Ah, pero que no caiga dos puntos la Bolsa de Valores porque es noticia de siete columnas en los principales diarios de circulación internacional, denunció el entonces Papa Francisco, el 29 de agosto del 2023. Ya se había referido a este hecho al criticar la globalización de la indiferencia, la cultura del descarte.
“Se nos va a endurecer el cuello de tanto mirar al otro lado para no ver esta situación”, remató.
2.
Pues en el centro de Monterrey acaban de fallecer dos personas, encontradas en plena vía pública, y parece que por hipotermia, y sí, sí lo publicaron los diarios locales, aunque con notas perdidas en sus páginas interiores.
Fueron más importantes otras minutas, como que el Metro no estará listo para el mundial, o la ¿exitosa? llamada de Sheinbaum a Trump para que desista de incursionar en nuestro país persiguiendo narcos y políticos, o el pleito entre los poderes ejecutivo y legislativo por el presupuesto.

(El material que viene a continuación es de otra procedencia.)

theorem lemma2:
  fixes m mbar :: nat
    and E :: "(nat \<times> nat) set"
    and ed :: "nat \<Rightarrow> nat \<times> nat"
    and A :: "nat \<Rightarrow> nat \<Rightarrow> (real^'n) list"
    and b :: "nat \<Rightarrow> nat \<Rightarrow> real list"
    and f :: "nat \<Rightarrow> real^'n \<Rightarrow> real"
    and g :: "nat \<Rightarrow> real^'n \<Rightarrow> real^'n"
    and xb lamb :: "nat \<Rightarrow> real^'n"
  assumes E_vert: "E \<subseteq> {0..<m} \<times> {0..<m}"
    and E_sym: "\<And>i j. (i, j) \<in> E \<Longrightarrow> (j, i) \<in> E"
    and E_irrefl: "\<And>i. (i, i) \<notin> E"
    and connected: "\<forall>i<m. \<forall>j<m. (i, j) \<in> E\<^sup>*"
    and ed_E: "\<forall>l<mbar. ed l \<in> E"
    and ed_enum: "\<forall>(i, j)\<in>E. \<exists>!l. l < mbar \<and> (ed l = (i, j) \<or> ed l = (j, i))"
    and A_rank: "\<forall>(i, j)\<in>E. full_row_rank (A i j)"
    and b_len: "\<forall>(i, j)\<in>E. length (b i j) = length (A i j)"
    and A_sym: "\<forall>(i, j)\<in>E. A i j = A j i"
    and b_anti: "\<forall>(i, j)\<in>E. b i j = map uminus (b j i)"
    and f_grad: "\<forall>i<m. \<forall>z. (f i has_derivative (\<lambda>h. g i z \<bullet> h)) (at z)"
    and g_cont: "\<forall>i<m. continuous_on UNIV (g i)"
    and f_convex: "\<forall>i<m. convex_on UNIV (f i)"
    and solvable: "\<exists>xs. (\<forall>(i, j)\<in>E. mat_app (A i j) (xs i - xs j) = b i j) \<and>
        (\<forall>x. (\<forall>(i, j)\<in>E. mat_app (A i j) (x i - x j) = b i j) \<longrightarrow>
             (\<Sum>i<m. f i (xs i)) \<le> (\<Sum>i<m. f i (x i)))"
    and ker_img: "\<forall>z. (\<forall>i<m. HbarT ed mbar (Pbar A ed z) i = 0) \<longrightarrow> (\<forall>l<mbar. Pbar A ed z l = 0)"
    and equil: "equilibrium m mbar ed A b g xb lamb"
  shows "\<forall>x lam. augLag m mbar ed A b f xb lam \<le> augLag m mbar ed A b f xb lamb
              \<and> augLag m mbar ed A b f xb lamb \<le> augLag m mbar ed A b f x lamb"
proof -
  have edges: "\<forall>l<mbar. fst (ed l) < m \<and> snd (ed l) < m \<and> fst (ed l) \<noteq> snd (ed l)"
    using ed_E E_vert E_irrefl by (metis atLeastLessThan_iff mem_Sigma_iff prod.collapse subsetD)
  have frr: "\<forall>l<mbar. full_row_rank (A (fst (ed l)) (snd (ed l)))"
    using ed_E A_rank by (metis case_prodD prod.collapse)
  have stationary: "\<forall>i<m. HbarT ed mbar (resid A b ed xb) i = 0"
    and grad: "\<forall>i<m. g i (xb i) = - weighted_laplacian ed mbar A lamb i"
    using equil unfolding equilibrium_def weighted_laplacian_def
    by (auto simp: diff_eq_eq) (metis minus_minus)
  have feasible: "\<forall>l<mbar. resid A b ed xb l = 0"
    using ker_img stationary unfolding resid_def by blast
  have saddle_value: "augLag m mbar ed A b f xb lam = (\<Sum>i<m. f i (xb i))" for lam
    using augLag_eq_of_HbarT_resid_eq_0[OF stationary] feasible by simp
  show ?thesis
    using augLag_ge_of_stationary[OF edges frr f_convex _ grad feasible] f_grad
    by (simp add: saddle_value)
qed
theorem theorem3p3:
  fixes n l k :: nat and ns :: "nat list" and xis :: "complex list"
    and U W :: "complex mat" and C :: "complex vec \<Rightarrow> complex vec"
  assumes U_unitary: "unitary_mat n U"
    and W_unitary: "unitary_mat n W"
    and len: "length xis = length ns"
    and ns_pos: "\<forall>j<length ns. ns ! j \<ge> 1"
    and dim: "2 * sum_list ns + l + k = n"
    and xis_T: "\<forall>j<length xis. cmod (xis ! j) = 1 \<and> xis ! j \<noteq> 1 \<and> xis ! j \<noteq> -1"
    and xis_distinct: "distinct (xis @ map cnj xis)"
    and U_eq: "U = W * diag_block_mat
                  (map (\<lambda>j. rot_block (xis ! j) (ns ! j)) [0..<length ns] @
                   [four_block_mat (1\<^sub>m l) (0\<^sub>m l k) (0\<^sub>m k l) (- 1\<^sub>m k)])
                * mat_adjoint W"
    and C_conj: "conjugation n C"
    and CUC: "\<forall>x\<in>carrier_vec n. C (U *\<^sub>v C x) = U *\<^sub>v x"
  shows "\<exists>Vs Ql Qk.
           length Vs = length ns \<and>
           (\<forall>j<length ns. unitary_mat (ns ! j) (Vs ! j)) \<and>
           unitary_mat l Ql \<and> transpose_mat Ql = Ql \<and>
           unitary_mat k Qk \<and> transpose_mat Qk = Qk \<and>
           (\<forall>x\<in>carrier_vec n.
              C x = (W * diag_block_mat (map swap_block Vs @ [four_block_mat Ql (0\<^sub>m l k) (0\<^sub>m k l) Qk]))
                    *\<^sub>v conjugate (mat_adjoint W *\<^sub>v x))"
proof -
  define ps where "ps = zip xis ns"
  have ps: "map fst ps = xis" "map snd ps = ns"
    using len unfolding ps_def by simp_all
  define D where "D = canonical_unitary ps l k"
  have D: "D \<in> carrier_mat n n" "diagonal_mat D" "diag_mat D = canonical_eigenvalues ps l k"
    using canonical_unitary_diagonal[of ps l k] dim ps unfolding D_def by simp_all
  have "map (\<lambda>j. rot_block (xis ! j) (ns ! j)) [0..<length ns] = map (\<lambda>(x, m). rot_block x m) ps"
    using len unfolding ps_def by (intro nth_equalityI) auto
  then have "U = W * D * mat_adjoint W"
    unfolding U_eq D_def canonical_unitary_def by simp
  then obtain M where M: "unitary_mat n M" "transpose_mat M = M" "M * conj_mat D = D * M"
    and C_rep: "\<And>x. x \<in> carrier_vec n \<Longrightarrow> C x = (W * M) *\<^sub>v conjugate (mat_adjoint W *\<^sub>v x)"
    using conjugation_commuting_rep[OF C_conj W_unitary D(1)] CUC by auto
  have "conj_compatible (canonical_eigenvalues ps l k) M"
    using conj_compatible_if_conj_commute[OF D(1,2) unitary_mat_carrier[OF M(1)] M(3)] D(3) by simp
  moreover have "fst ` set ps = set xis" "map (cnj \<circ> fst) ps = map cnj xis"
    using ps(1) by (metis set_map, metis map_map)
  then have "1 \<notin> fst ` set ps" "- 1 \<notin> fst ` set ps" "distinct (map fst ps @ map (cnj \<circ> fst) ps)"
    using xis_T xis_distinct ps(1) by (auto simp: in_set_conv_nth)
  ultimately obtain Vs Ql Qk where "list_all2 unitary_mat ns Vs"
    "unitary_mat l Ql" "transpose_mat Ql = Ql" "unitary_mat k Qk" "transpose_mat Qk = Qk"
    "M = diag_block_mat (map swap_block Vs @ [four_block_mat Ql (0\<^sub>m l k) (0\<^sub>m k l) Qk])"
    using symmetric_unitary_block_form[of ps l k M] M(1,2) dim ps by auto
  then show ?thesis
    using C_rep by (intro exI[of _ Vs] exI[of _ Ql] exI[of _ Qk]) (auto simp: list_all2_conv_all_nth)
qed

end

El que mueran dos hombres en situación de calle no fue relevante.
3.
Me llamó la atención, sin embargo, un comentario del reportaje:
“Los cuerpos de auxilio informan que los fallecidos recibieron cobijas, bebidas y alimentos calientes, pero se negaron a ser trasladados a los albergues activados desde el pasado fin de semana”.
Lo importante pasó a ser si habían muerto a causa del frío o por otros motivos -no se encontraron signos de violencia-, y se desprende del texto que no aceptaron la ayuda ofrecida.
Más allá de que repugna la indiferencia y familiaridad con la que asistimos a estas tragedias, brotan necesariamente unas preguntas: …
4.
… ¿estaban las autoridades civiles obligadas a ubicarlos en los refugios, aún en contra de su voluntad? ¿se excederían en sus funciones si así lo hicieran? ¿pudieron haber hecho más para evitar esas muertes? ¿hasta qué punto al Estado le compete defender la vida de sus ciudadanos, inclusive sin su consentimiento? ¿y los transeúntes y automovilistas que pasaron por esas calles? -uno falleció en el cruce de Padre Mier y Rayón, y el otro en la esquina de Villagómez y cinco de Mayo-: ¿sólo observaron y siguieron su camino, como en la parábola del Buen Samaritano?